The above bitter facts were suppressed by almost all British writers, except few, while only couple of natives has written on the subject. Romesh Dutt an ex high Civil Servant and later Professor in London, wrote on the subject extensively upto 1906, thus he stands out as an independent source of information on the subject. British Parliament Records are another source of information. Embarrassing facts like bribe taken by Co Officials and other misdeeds; brought out during investigations are well recorded.
As this is a controversial issue and there is no match between the brain power of British writers and us, the best way to support the above arguments is to quote British Officials and contemporary writers.
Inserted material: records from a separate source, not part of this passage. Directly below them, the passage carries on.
(* If $m_1-m_2\le2$, then for every $\beta\in(0,1)^4$ the set $\mathrm{QPH}^s_\beta(E)$ of $\beta$-stable points of $\mathrm{QPH}(E)$ is a nonempty Zariski open subset containing $\mathrm{QPH}_{\mathbb C^*}(E)$. If $m_1-m_2\ge4$, then $\mathrm{QPH}^s_\beta(E)=\emptyset$ for every $\beta\in[0,1)^4$.
   Context: Fix $z_1\in\mathbb{CP}^1\setminus\{0,1,\infty\}$, set $z_2=0$, $z_3=1$, $z_4=\infty$, $D=z_1+\dots+z_4$. Let $E\to\mathbb{CP}^1$ be a rank 2 holomorphic bundle of degree $d$, $E\cong\mathcal O(m_1)\oplus\mathcal O(m_2)$, $m_1\ge m_2$. $\mathrm{QPH}(E)$ is the space of tuples $(F_1,\dots,F_4,\Phi)$ where $F_i\subset E|_{z_i}$ are lines and $\Phi\in H^0(\mathrm{End}(E)\otimes K_{\mathbb{CP}^1}(D))$ has nilpotent residues $\mathrm{Res}_{z_i}\Phi$ with $F_i\subset\ker\mathrm{Res}_{z_i}\Phi$. $\mathrm{QPH}_{\mathbb C^*}(E)$ is the subset where $\det\Phi\ne0$. For $\beta\in[0,1)^4$ and $I\subset\{1,2,3,4\}$ put $\beta_I=\sum_{i\in I}\beta_i-\sum_{j\notin I}\beta_j$; for a line subbundle $L\subset E$ put $I_L=\{i:L|_{z_i}=F_i\}$. The point is $\beta$-stable if for every line subbundle $L$ with $\Phi(L)\subset L\otimes K_{\mathbb{CP}^1}(D)$ one has $\beta_{I_L}<d-2\deg L$. *)

theory Defs
  imports Complex_Main "HOL-Computational_Algebra.Polynomial"
begin

text \<open>Points: index 1 = z1, 2 = 0, 3 = 1, 4 = infinity.
E = O(m1) + O(m2) with standard frames e1,e2 on C and frames z^m1 e1, z^m2 e2 near infinity.
K(D) is trivialised on C by omega = dz/(z(z-1)(z-z1)); a Higgs field is
Phi = A(z) omega with A a 2x2 matrix of polynomials, deg A_ab \<le> m_a - m_b + 2.
Fibres of E are identified with C^2 via these frames; a line F_i is the span of a
nonzero vector.\<close>

record qdat =
  qF1 :: "complex \<times> complex"
  qF2 :: "complex \<times> complex"
  qF3 :: "complex \<times> complex"
  qF4 :: "complex \<times> complex"
  qA11 :: "complex poly"
  qA12 :: "complex poly"
  qA21 :: "complex poly"
  qA22 :: "complex poly"

definition Fv :: "qdat \<Rightarrow> nat \<Rightarrow> complex \<times> complex" where
  "Fv x i = (if i = 1 then qF1 x else if i = 2 then qF2 x else if i = 3 then qF3 x
             else if i = 4 then qF4 x else (0, 0))"

definition Aent :: "qdat \<Rightarrow> nat \<Rightarrow> nat \<Rightarrow> complex poly" where
  "Aent x a b = (if a = 1 \<and> b = 1 then qA11 x else if a = 1 \<and> b = 2 then qA12 x
                 else if a = 2 \<and> b = 1 then qA21 x else if a = 2 \<and> b = 2 then qA22 x else 0)"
Observations below are worth quoting.
India at the time of arrival of the British:
Pgrard observed that:
“Claim that products of Indians looms clothed every man and a woman from Cape of Good Hope to China seems exaggerated”.
Moreland remarked that:
“Cotton weaving was by far the most extensive industry in India and its aggregate production was one of the great facts of industrial world of the year 1600. During 17th and 18th centuries its technology of silk spinning and weaving so improved as to win praise from European.”
Romesh Dutt observed that:
“India had developed an all India monetary organization by end of 16th century independently of European penetration. This differed little from other parts of the world.
Excess of exports over imports tilled the balance of trade in India’s favor. Western European could exchange billion because of America’s riches so the chief feather of India’s foreign trade was the absorption of precious metals; once it was believed that she was their sink.
Baharji Bohra was richer than English East India Co. The capital of same Indian Cos in 17th century ranged from 50,000 to 750,000 thanks to fairly advanced moneterized economy and the merchant capital had great mobility, but it did not lead to industrial capital.”
Immediate impact of British rule:
Romesh Dutt mentioned that:
“In many ways the sources of national wealth in India have been narrowed under British rule. India in the eighteen century was a great manufacturing as well as a great agricultural country and this product of the Indian loom supplied the markets of Asia and the Europe”.
It was officially estimated by the members of the Council after they had made a circuit through the country to ascertain the effects of famine that about one third of the population of Bengal or about 10 million people had died in this famine.
And while no systematic measure were undertaken for the relief of the sufferers perishing in every village, road side and bazaar, the mortality was heightened by the action of company servants. Their Gomashtas not only monopolized the grain in order to make high profits from the distress of the people, but they compelled the cultivators to sell even the seed requisite for the next harvest.
Warren Hastings wrote thus to the Court of Directors on 3rd November 1772.
“Notwithstanding the loss of at least one third of the inhabitants of the province and the consequent decrease of the cultivation the net collection of the year 1771 exceeded even those of 1768… It was naturally to be expected that the diminution of the revenue should have kept an equal pace with the other consequences of so great calamity .That it did not was owing to its being violently kept up to its formers standard.” India Office Records.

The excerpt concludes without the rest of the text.